PROVIDED DATA:
········

section \<open>Transferring mass between level sets of the potential\<close>

lemma integrable_indicator_mult_bounded:
  fixes f :: "'a \<Rightarrow> real"
  assumes "A \<in> sets M" "emeasure M A < \<infinity>" "f \<in> borel_measurable M"
    and "\<And>x. x \<in> A \<Longrightarrow> \<bar>f x\<bar> \<le> c"
  shows "integrable M (\<lambda>x. indicator A x * f x)"
proof (rule Bochner_Integration.integrable_bound)
  show "integrable M (\<lambda>x. c * indicator A x :: real)" using assms(1,2) by simp
  show "AE x in M. norm (indicator A x * f x) \<le> norm (c * indicator A x :: real)"
    using assms(4) by (intro AE_I2) (auto simp: indicator_def intro: order_trans[OF _ abs_ge_self])
qed (use assms in auto)

lemma measure_mult_le_integral_indicator_mult:
  fixes f :: "'a \<Rightarrow> real"
  assumes "A \<in> sets M" "emeasure M A < \<infinity>" "f \<in> borel_measurable M"
    and "\<And>x. x \<in> A \<Longrightarrow> \<bar>f x\<bar> \<le> c" and "\<And>x. x \<in> A \<Longrightarrow> q \<le> f x"
  shows "q * measure M A \<le> (\<integral>x. indicator A x * f x \<partial>M)"
proof -
  have "integrable M (\<lambda>x. q * indicator A x :: real)" using assms(1,2) by simp
  then have "(\<integral>x. q * indicator A x \<partial>M) \<le> (\<integral>x. indicator A x * f x \<partial>M)"
    using assms(5) integrable_indicator_mult_bounded[OF assms(1-4)]
    by (intro integral_mono) (auto simp: indicator_def)
  then show ?thesis using assms(1) by (simp add: Int_absorb1 sets.sets_into_space)
qed

lemma integral_indicator_mult_le_measure_mult:
  fixes f :: "'a \<Rightarrow> real"
  assumes "A \<in> sets M" "emeasure M A < \<infinity>" "f \<in> borel_measurable M"
    and "\<And>x. x \<in> A \<Longrightarrow> \<bar>f x\<bar> \<le> c" and "\<And>x. x \<in> A \<Longrightarrow> f x \<le> p"
  shows "(\<integral>x. indicator A x * f x \<partial>M) \<le> p * measure M A"
proof -
  have "- p * measure M A \<le> (\<integral>x. indicator A x * - f x \<partial>M)"
    using assms by (intro measure_mult_le_integral_indicator_mult[where c = c]) auto
  then show ?thesis by simp
qed

lemma integrable_indicator_mult_log_weight:
  fixes S :: "'a::euclidean_space set"
  assumes "S \<in> sets lborel" "bounded S"
  shows "integrable lborel (\<lambda>x. indicator S x * ln (2 + norm x))"
proof -
  obtain r where r: "\<And>x. x \<in> S \<Longrightarrow> norm x \<le> r" using \<open>bounded S\<close> by (auto simp: bounded_iff)
  have "\<bar>ln (2 + norm x)\<bar> \<le> ln (2 + r)" if "x \<in> S" for x
  proof -
    have "0 < 2 + norm x" "2 + norm x \<le> 2 + r"
      using r[OF that] norm_ge_zero[of x] by linarith+
    then show ?thesis by simp
  qed
  then show ?thesis
    using assms emeasure_bounded_finite[OF assms(2)] by (intro integrable_indicator_mult_bounded) auto
qed

lemma M_TF_mass_transfer:
  assumes \<sigma>: "\<sigma> \<in> M_TF K"
    and A: "A \<in> sets lborel" "bounded A" and B: "B \<in> sets lborel" "bounded B" and "A \<inter> B = {}"
    and "0 \<le> a" "0 \<le> b" "\<And>x. x \<in> A \<Longrightarrow> \<sigma> x + a \<le> 1" "\<And>x. x \<in> B \<Longrightarrow> b \<le> \<sigma> x"
    and balance: "a * measure lborel A = b * measure lborel B"
  shows "(\<lambda>x. \<sigma> x + a * indicator A x - b * indicator B x) \<in> M_TF K"
proof -
  have [measurable]: "\<sigma> \<in> borel_measurable lborel" "A \<in> sets borel" "B \<in> sets borel"
    using \<sigma> A B unfolding M_TF_def by auto
  have "0 \<le> \<sigma> x + a * indicator A x - b * indicator B x \<and> \<sigma> x + a * indicator A x - b * indicator B x \<le> 1" for x
  proof -
    have "0 \<le> \<sigma> x" "\<sigma> x \<le> 1" using \<sigma> unfolding M_TF_def by auto
    then show ?thesis using assms \<open>A \<inter> B = {}\<close> by (auto simp: indicator_def)
  qed
  moreover have "integrable lborel (\<lambda>x. (\<sigma> x + a * indicator A x - b * indicator B x) * ln (2 + norm x))"
  proof -
    have "integrable lborel (\<lambda>x. \<sigma> x * ln (2 + norm x) + a * (indicator A x * ln (2 + norm x))
        - b * (indicator B x * ln (2 + norm x)))"
      using \<sigma> integrable_indicator_mult_log_weight[OF A] integrable_indicator_mult_log_weight[OF B]
      unfolding M_TF_def
      by (intro Bochner_Integration.integrable_diff Bochner_Integration.integrable_add integrable_mult_right) auto
    then show ?thesis by (simp add: algebra_simps)
  qed
  moreover have "(\<integral>x. \<sigma> x + a * indicator A x - b * indicator B x \<partial>lborel) = real K"
    using \<sigma> emeasure_bounded_finite[OF A(2)] emeasure_bounded_finite[OF B(2)] balance A B
      bounded_log_moment_integrable[OF M_TF_bounded_log_moment[OF \<sigma>]]
    unfolding M_TF_def by simp
  ultimately show ?thesis using \<sigma> unfolding M_TF_def by auto
qed

lemma bounded_subset_positive_measure:
  fixes g h :: "'a::euclidean_space \<Rightarrow> real"
  assumes S: "S \<in> sets lborel" "emeasure lborel S \<noteq> 0" and g_pos: "\<And>x. x \<in> S \<Longrightarrow> 0 < g x"
    and [measurable]: "g \<in> borel_measurable lborel" "h \<in> borel_measurable lborel"
  obtains T \<epsilon> r where "T \<in> sets lborel" "T \<subseteq> S" "bounded T" "emeasure lborel T \<noteq> 0" "0 < \<epsilon>"
    "\<And>x. x \<in> T \<Longrightarrow> \<epsilon> \<le> g x \<and> \<bar>h x\<bar> \<le> r"
proof -
  have [measurable]: "S \<in> sets borel" using S by simp
  define T where "T n = {x \<in> S. 1 / Suc n \<le> g x \<and> norm x \<le> n \<and> \<bar>h x\<bar> \<le> n}" for n :: nat
  have T_sets: "T n \<in> sets lborel" for n unfolding T_def by measurable
  have "S \<subseteq> (\<Union>n. T n)"
  proof
    fix x assume "x \<in> S"
    obtain m :: nat where "inverse (Suc m) < g x" using reals_Archimedean g_pos[OF \<open>x \<in> S\<close>] by blast
    obtain n :: nat where "norm x + \<bar>h x\<bar> + m \<le> n" using real_arch_simple by blast
    then have "real m \<le> real n" "norm x \<le> n" "\<bar>h x\<bar> \<le> n"
      using norm_ge_zero[of x] abs_ge_zero[of "h x"] by linarith+
    moreover from this(1) have "1 / Suc n \<le> inverse (Suc m)" by (simp add: field_simps)
    ultimately have "x \<in> T n"
      using \<open>x \<in> S\<close> \<open>inverse (Suc m) < g x\<close> unfolding T_def by auto
    then show "x \<in> (\<Union>n. T n)" by blast
  qed
  then have "emeasure lborel S \<le> emeasure lborel (\<Union>n. T n)"
    using T_sets by (intro emeasure_mono) auto
  moreover have "emeasure lborel (\<Union>n. T n) = 0" if "\<And>n. emeasure lborel (T n) = 0"
    using that T_sets by (intro emeasure_UN_eq_0) auto
  ultimately have "\<exists>n. emeasure lborel (T n) \<noteq> 0"
    using S(2) by force
  then obtain n where "emeasure lborel (T n) \<noteq> 0" by blast
  moreover have "bounded (T n)" by (rule boundedI[of _ n]) (auto simp: T_def)
  ultimately show thesis
    by (intro that[of "T n" "1 / Suc n" n]) (auto simp: T_sets T_def)
qed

········

YOUR TASK: Copy out each line of the data above, exactly, if it lies between the line holding "by (intro integral_mono)" and the line holding "p * measure M A \<le>", inclusive; copy no other line.

SOLUTION:
    by (intro integral_mono) (auto simp: indicator_def)
  then show ?thesis using assms(1) by (simp add: Int_absorb1 sets.sets_into_space)
qed

lemma integral_indicator_mult_le_measure_mult:
  fixes f :: "'a \<Rightarrow> real"
  assumes "A \<in> sets M" "emeasure M A < \<infinity>" "f \<in> borel_measurable M"
    and "\<And>x. x \<in> A \<Longrightarrow> \<bar>f x\<bar> \<le> c" and "\<And>x. x \<in> A \<Longrightarrow> f x \<le> p"
  shows "(\<integral>x. indicator A x * f x \<partial>M) \<le> p * measure M A"
proof -
  have "- p * measure M A \<le> (\<integral>x. indicator A x * - f x \<partial>M)"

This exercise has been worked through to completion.